▶ The task
Below are the records; give again exactly the line with "fn T \<Longrightarrow>", the line with "T \<Longrightarrow> grow_if", and each line that lies between them, and nothing besides.

▶ Given information
○ ○ ○

definition swapn :: "'n \<Rightarrow> 'n \<Rightarrow> 'n \<Rightarrow> 'n" where
  "swapn x y z = (if z = x then y else if z = y then x else z)"

definition swap_sol :: "'n \<Rightarrow> 'n \<Rightarrow> ('p, 's, 'n) sol \<Rightarrow> ('p, 's, 'n) sol" where
  "swap_sol x y S = map_sol id (swapn x y) S"

inductive streq :: "('p, 's, 'n) sol \<Rightarrow> ('p, 's, 'n) sol \<Rightarrow> bool" where
  refl: "streq S S"
| sym: "streq S T \<Longrightarrow> streq T S"
| trans: "streq S T \<Longrightarrow> streq T U \<Longrightarrow> streq S U"
| par_cong: "streq S S' \<Longrightarrow> streq T T' \<Longrightarrow> streq (Par S T) (Par S' T')"
| res_cong: "streq S S' \<Longrightarrow> streq (Res x S) (Res x S')"
| alpha: "y \<notin> fn S \<Longrightarrow> streq (Res x S) (Res y (swap_sol x y S))"
| par_assoc: "streq (Par (Par S T) U) (Par S (Par T U))"
| par_comm: "streq (Par S T) (Par T S)"
| par_unit: "streq (Par S Zero) S"
| scope: "x \<notin> fn T \<Longrightarrow> streq (Res x (Par S T)) (Par (Res x S) T)"
| res_swap: "streq (Res x (Res y S)) (Res y (Res x S))"
| res_zero: "streq (Res x Zero) Zero"

primrec binders_ok :: "('p, 's, 'n) sol \<Rightarrow> bool" where
  "binders_ok Zero = True"
| "binders_ok (Prot A \<rho>) = True"
| "binders_ok (Par S T) = (binders_ok S \<and> binders_ok T)"
| "binders_ok (Res x S) = ((occ x S = 0 \<or> occ x S = 2) \<and> binders_ok S)"

definition graph_like :: "('p, 's, 'n) sol \<Rightarrow> bool" where
  "graph_like S \<longleftrightarrow> (\<forall>x \<in> fn S. occ x S \<le> 2) \<and> binders_ok S"

inductive connected :: "('p, 's, 'n) sol \<Rightarrow> bool" where
  prot: "connected (Prot A \<rho>)"
| res: "connected S \<Longrightarrow> connected (Res x S)"
| par: "connected S \<Longrightarrow> connected T \<Longrightarrow> fn S \<inter> fn T \<noteq> {} \<Longrightarrow> connected (Par S T)"
| equiv: "connected S \<Longrightarrow> streq S T \<Longrightarrow> connected T"

inductive grow_if :: "'n set \<Rightarrow> ('s, 'n) iface \<Rightarrow> ('s, 'n) iface \<Rightarrow> bool" where
  hid_vis: "grow_if X (atom i Hid) (atom i Vis)"
| vis_hid: "grow_if X (atom i Vis) (atom i Hid)"
| vis_tied: "x \<in> X \<Longrightarrow> grow_if X (atom i Vis) (atom i (Tied x))"
| same: "X \<inter> ifn \<rho> = {} \<Longrightarrow> grow_if X \<rho> \<rho>"
| sum: "grow_if X \<rho> \<sigma> \<Longrightarrow> grow_if X \<rho>' \<sigma>' \<Longrightarrow>
        fmdom \<rho> |\<inter>| fmdom \<rho>' = {||} \<Longrightarrow> fmdom \<sigma> |\<inter>| fmdom \<sigma>' = {||} \<Longrightarrow>
        grow_if X (isum \<rho> \<rho>') (isum \<sigma> \<sigma>')"

inductive grow_sol :: "'n set \<Rightarrow> ('p, 's, 'n) sol \<Rightarrow> ('p, 's, 'n) sol \<Rightarrow> bool" where
  zero: "grow_sol X Zero Zero"
| prot: "grow_sol X S T \<Longrightarrow> grow_if X \<rho> \<sigma> \<Longrightarrow> grow_sol X (Par S (Prot A \<rho>)) (Par T (Prot A \<sigma>))"
| new: "grow_sol X S T \<Longrightarrow> ifn \<sigma> \<subseteq> X \<Longrightarrow> grow_sol X S (Par T (Prot A \<sigma>))"

definition monotone_reaction :: "('p, 's, 'n) sol \<Rightarrow> 'n list \<Rightarrow> ('p, 's, 'n) sol \<Rightarrow> bool" where
  "monotone_reaction L xs R \<longleftrightarrow>
     grow_sol (set xs) L R \<and> graph_like L \<and> graph_like (ress xs R) \<and> connected R"

definition is_monotone :: "('p, 's, 'n) sol \<times> ('p, 's, 'n) sol \<Rightarrow> bool" where
  "is_monotone r \<longleftrightarrow> (\<exists>L xs R. r = (L, ress xs R) \<and> monotone_reaction L xs R)"

definition is_antimonotone :: "('p, 's, 'n) sol \<times> ('p, 's, 'n) sol \<Rightarrow> bool" where
  "is_antimonotone r \<longleftrightarrow> is_monotone (snd r, fst r)"

inductive pts_step :: "('p, 's, 'n) sol set \<Rightarrow> (('p, 's, 'n) sol \<times> ('p, 's, 'n) sol) set
    \<Rightarrow> ('p, 's, 'n) sol \<Rightarrow> ('p, 's, 'n) sol \<Rightarrow> bool"
  for SS Rk where
  react: "(S, T) \<in> Rk \<Longrightarrow> S \<in> SS \<Longrightarrow> T \<in> SS \<Longrightarrow> pts_step SS Rk S T"
| equiv: "streq S S' \<Longrightarrow> pts_step SS Rk S' T' \<Longrightarrow> streq T' T \<Longrightarrow> S \<in> SS \<Longrightarrow> T \<in> SS
          \<Longrightarrow> pts_step SS Rk S T"
| comp: "pts_step SS Rk S T \<Longrightarrow> Par S U \<in> SS \<Longrightarrow> Par T U \<in> SS
          \<Longrightarrow> pts_step SS Rk (Par S U) (Par T U)"
| restr: "pts_step SS Rk S T \<Longrightarrow> Res x S \<in> SS \<Longrightarrow> Res x T \<in> SS
          \<Longrightarrow> pts_step SS Rk (Res x S) (Res x T)"

inductive typed :: "'n set \<Rightarrow> 'n set \<Rightarrow> ('p, 's, 'n) sol \<Rightarrow> bool" where
  zero: "typed {} {} Zero"
| prot: "(\<forall>x \<in> ifn \<rho>. icount \<rho> x \<le> 2) \<Longrightarrow>
         typed {x. icount \<rho> x = 1} {x. icount \<rho> x = 2} (Prot A \<rho>)"
| res: "typed G1 G2 S \<Longrightarrow> x \<notin> G1 \<Longrightarrow> typed G1 (G2 - {x}) (Res x S)"
| par: "typed (G1 \<union> G) G2 S \<Longrightarrow> typed (D1 \<union> G) D2 T \<Longrightarrow>
        G1 \<inter> G = {} \<Longrightarrow> D1 \<inter> G = {} \<Longrightarrow>
        (G1 \<union> G2) \<inter> (D1 \<union> D2) = {} \<Longrightarrow>
        G \<inter> G2 = {} \<Longrightarrow> G \<inter> D2 = {} \<Longrightarrow>
        typed (G1 \<union> D1) (G2 \<union> D2 \<union> G) (Par S T)"

end

theory Submission
  imports Defs
begin

(* The proof rests on the observation that a typing judgement carries no
   information beyond occurrence counts:  G1;G2 |- S  holds iff S is graph-like,
   G1 is the set of names occurring free exactly once in S and G2 the set of
   names occurring free exactly twice (typed_iff_graph_like).  It therefore
   suffices to show that a transition S ~> T preserves the free-occurrence count
   of every name and preserves graph-likeness (pts_step_preserves). *)

lemma icount_not_ifn: "x \<notin> ifn \<rho> \<Longrightarrow> icount \<rho> x = 0"
  unfolding icount_def ifn_def by simp

lemma occ_not_fn: "x \<notin> fn S \<Longrightarrow> occ x S = 0"
  by (induction S) (auto simp: icount_not_ifn)

lemma graph_like_iff: "graph_like S \<longleftrightarrow> (\<forall>x. occ x S \<le> 2) \<and> binders_ok S"
  unfolding graph_like_def by (metis occ_not_fn zero_le)

lemma graph_like_Par_iff:
  "graph_like (Par S T) \<longleftrightarrow> (\<forall>x. occ x S + occ x T \<le> 2) \<and> binders_ok S \<and> binders_ok T"
  by (simp add: graph_like_iff)

lemma graph_like_Res_iff:
  "graph_like (Res x S) \<longleftrightarrow> graph_like S \<and> (occ x S = 0 \<or> occ x S = 2)"
proof
  assume h: "graph_like (Res x S)"
  then have bound: "occ x S = 0 \<or> occ x S = 2" and "binders_ok S"
    by (auto simp: graph_like_iff)
  moreover have "occ z S \<le> 2" for z
    using h bound by (cases "z = x") (auto simp: graph_like_iff split: if_splits)
  ultimately show "graph_like S \<and> (occ x S = 0 \<or> occ x S = 2)"
    by (simp add: graph_like_iff)
qed (auto simp: graph_like_iff)

lemma swapn_swapn [simp]: "swapn x y (swapn x y z) = z"
  unfolding swapn_def by auto

lemma inj_swapn: "inj (swapn x y)"
  by (metis injI swapn_swapn)

lemma icount_rename:
  assumes "inj f"
  shows "icount (fmmap (map_ival f) \<rho>) (f x) = icount \<rho> x"
proof -
  have "fmlookup (fmmap (map_ival f) \<rho>) i = Some (Tied (f x)) \<longleftrightarrow> fmlookup \<rho> i = Some (Tied x)" for i
    using assms by (cases "fmlookup \<rho> i"; cases "the (fmlookup \<rho> i)") (auto simp: inj_eq)
  then show ?thesis unfolding icount_def by simp
qed

lemma occ_map_swapn: "occ (swapn x y z) (map_sol id (swapn x y) S) = occ z S"
  by (induction S) (auto simp: icount_rename[OF inj_swapn] inj_eq[OF inj_swapn])

lemma occ_swap_sol: "occ z (swap_sol x y S) = occ (swapn x y z) S"
  unfolding swap_sol_def by (metis occ_map_swapn swapn_swapn)

lemma binders_ok_swap_sol: "binders_ok (swap_sol x y S) = binders_ok S"
  by (induction S) (auto simp: swap_sol_def occ_map_swapn[of x y, unfolded])

lemma streq_preserves:
  "streq S T \<Longrightarrow> (\<forall>z. occ z S = occ z T) \<and> binders_ok S = binders_ok T"
proof (induction rule: streq.induct)
  case (alpha y S x)
  then have "occ y S = 0" by (simp add: occ_not_fn)
  then show ?case
    by (auto simp: occ_swap_sol swapn_def binders_ok_swap_sol)
next
  case (scope x T S)
  then show ?case using occ_not_fn[of x T] by auto
qed auto

lemma graph_like_streq: "streq S T \<Longrightarrow> graph_like S \<longleftrightarrow> graph_like T"
  using streq_preserves by (metis graph_like_iff)

lemma icount_atom_untied: "v \<noteq> Tied z \<Longrightarrow> icount (atom i v) z = 0"
  unfolding icount_def atom_def by simp

lemma ifn_atom_untied: "(\<And>z. v \<noteq> Tied z) \<Longrightarrow> ifn (atom i v) = {}"
  unfolding ifn_def atom_def by simp

lemma ifn_isum: "ifn (isum \<rho> \<rho>') \<subseteq> ifn \<rho> \<union> ifn \<rho>'"
  unfolding ifn_def isum_def by (auto simp: fmlookup_add split: if_splits)

lemma icount_isum:
  assumes "fmdom \<rho> |\<inter>| fmdom \<rho>' = {||}"
  shows "icount (isum \<rho> \<rho>') z = icount \<rho> z + icount \<rho>' z"
proof -
  let ?A = "{i. fmlookup \<rho> i = Some (Tied z)}" and ?B = "{i. fmlookup \<rho>' i = Some (Tied z)}"
  have A: "i |\<in>| fmdom \<rho>" if "i \<in> ?A" for i
    using that by (intro fmdomI) simp
  have B: "i |\<in>| fmdom \<rho>'" if "i \<in> ?B" for i
    using that by (intro fmdomI) simp
  have dom_disj: "\<not> (i |\<in>| fmdom \<rho> \<and> i |\<in>| fmdom \<rho>')" for i
    using assms by (metis fempty_iff finterI)
  have finite: "finite ?A" "finite ?B"
    by (rule finite_subset[of _ "fset (fmdom \<rho>)"]; use A in auto)
      (rule finite_subset[of _ "fset (fmdom \<rho>')"]; use B in auto)
  have disj: "?A \<inter> ?B = {}"
    using A B dom_disj by blast
  have "fmlookup (isum \<rho> \<rho>') i = Some (Tied z) \<longleftrightarrow> i \<in> ?A \<union> ?B" for i
    using A B dom_disj unfolding isum_def by (cases "i |\<in>| fmdom \<rho>'") (auto simp: fmlookup_add)
  then have "{i. fmlookup (isum \<rho> \<rho>') i = Some (Tied z)} = ?A \<union> ?B"
    by blast
  then show ?thesis
    unfolding icount_def using card_Un_disjoint[OF finite disj] by simp
qed

lemma grow_if_preserves:
  "grow_if X \<rho> \<sigma> \<Longrightarrow> X \<inter> ifn \<rho> = {} \<and> (\<forall>z. z \<notin> X \<longrightarrow> icount \<rho> z = icount \<sigma> z)"
proof (induction rule: grow_if.induct)
  case (sum X \<rho> \<sigma> \<rho>' \<sigma>')
  then show ?case
    using ifn_isum[of \<rho> \<rho>'] icount_isum[OF sum.hyps(3)] icount_isum[OF sum.hyps(4)] by auto
next
  case (vis_tied x X i)
  then have "icount (atom i (Tied x)) z = 0" if "z \<notin> X" for z
    using that by (intro icount_atom_untied) auto
  then show ?case by (simp add: ifn_atom_untied icount_atom_untied)
qed (auto simp: ifn_atom_untied icount_atom_untied)

lemma grow_sol_preserves:
  "grow_sol X L R \<Longrightarrow> (\<forall>z\<in>X. occ z L = 0) \<and> (\<forall>z. z \<notin> X \<longrightarrow> occ z L = occ z R)"
proof (induction rule: grow_sol.induct)
  case (prot X S T \<rho> \<sigma> A)
  then show ?case using grow_if_preserves[OF prot(2)] icount_not_ifn by fastforce
next
  case (new X S T \<sigma> A)
  then show ?case using icount_not_ifn by fastforce
qed auto

lemma occ_ress: "occ z (ress xs R) = (if z \<in> set xs then 0 else occ z R)"
  unfolding ress_def by (induction xs) auto

lemma monotone_reaction_occ:
  "monotone_reaction L xs R \<Longrightarrow> occ z L = occ z (ress xs R)"
  unfolding monotone_reaction_def using grow_sol_preserves occ_ress by metis

lemma reaction_preserves:
  assumes "is_monotone (S, T) \<or> is_antimonotone (S, T)"
  shows "(\<forall>z. occ z S = occ z T) \<and> graph_like S \<and> graph_like T"
  using assms unfolding is_antimonotone_def is_monotone_def
  by (metis fst_conv snd_conv monotone_reaction_def monotone_reaction_occ)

○ ○ ○

▶ Exercise response
| scope: "x \<notin> fn T \<Longrightarrow> streq (Res x (Par S T)) (Par (Res x S) T)"
| res_swap: "streq (Res x (Res y S)) (Res y (Res x S))"
| res_zero: "streq (Res x Zero) Zero"

primrec binders_ok :: "('p, 's, 'n) sol \<Rightarrow> bool" where
  "binders_ok Zero = True"
| "binders_ok (Prot A \<rho>) = True"
| "binders_ok (Par S T) = (binders_ok S \<and> binders_ok T)"
| "binders_ok (Res x S) = ((occ x S = 0 \<or> occ x S = 2) \<and> binders_ok S)"

definition graph_like :: "('p, 's, 'n) sol \<Rightarrow> bool" where
  "graph_like S \<longleftrightarrow> (\<forall>x \<in> fn S. occ x S \<le> 2) \<and> binders_ok S"

inductive connected :: "('p, 's, 'n) sol \<Rightarrow> bool" where
  prot: "connected (Prot A \<rho>)"
| res: "connected S \<Longrightarrow> connected (Res x S)"
| par: "connected S \<Longrightarrow> connected T \<Longrightarrow> fn S \<inter> fn T \<noteq> {} \<Longrightarrow> connected (Par S T)"
| equiv: "connected S \<Longrightarrow> streq S T \<Longrightarrow> connected T"

inductive grow_if :: "'n set \<Rightarrow> ('s, 'n) iface \<Rightarrow> ('s, 'n) iface \<Rightarrow> bool" where
  hid_vis: "grow_if X (atom i Hid) (atom i Vis)"
| vis_hid: "grow_if X (atom i Vis) (atom i Hid)"
| vis_tied: "x \<in> X \<Longrightarrow> grow_if X (atom i Vis) (atom i (Tied x))"
| same: "X \<inter> ifn \<rho> = {} \<Longrightarrow> grow_if X \<rho> \<rho>"
| sum: "grow_if X \<rho> \<sigma> \<Longrightarrow> grow_if X \<rho>' \<sigma>' \<Longrightarrow>
        fmdom \<rho> |\<inter>| fmdom \<rho>' = {||} \<Longrightarrow> fmdom \<sigma> |\<inter>| fmdom \<sigma>' = {||} \<Longrightarrow>
        grow_if X (isum \<rho> \<rho>') (isum \<sigma> \<sigma>')"

inductive grow_sol :: "'n set \<Rightarrow> ('p, 's, 'n) sol \<Rightarrow> ('p, 's, 'n) sol \<Rightarrow> bool" where
  zero: "grow_sol X Zero Zero"
| prot: "grow_sol X S T \<Longrightarrow> grow_if X \<rho> \<sigma> \<Longrightarrow> grow_sol X (Par S (Prot A \<rho>)) (Par T (Prot A \<sigma>))"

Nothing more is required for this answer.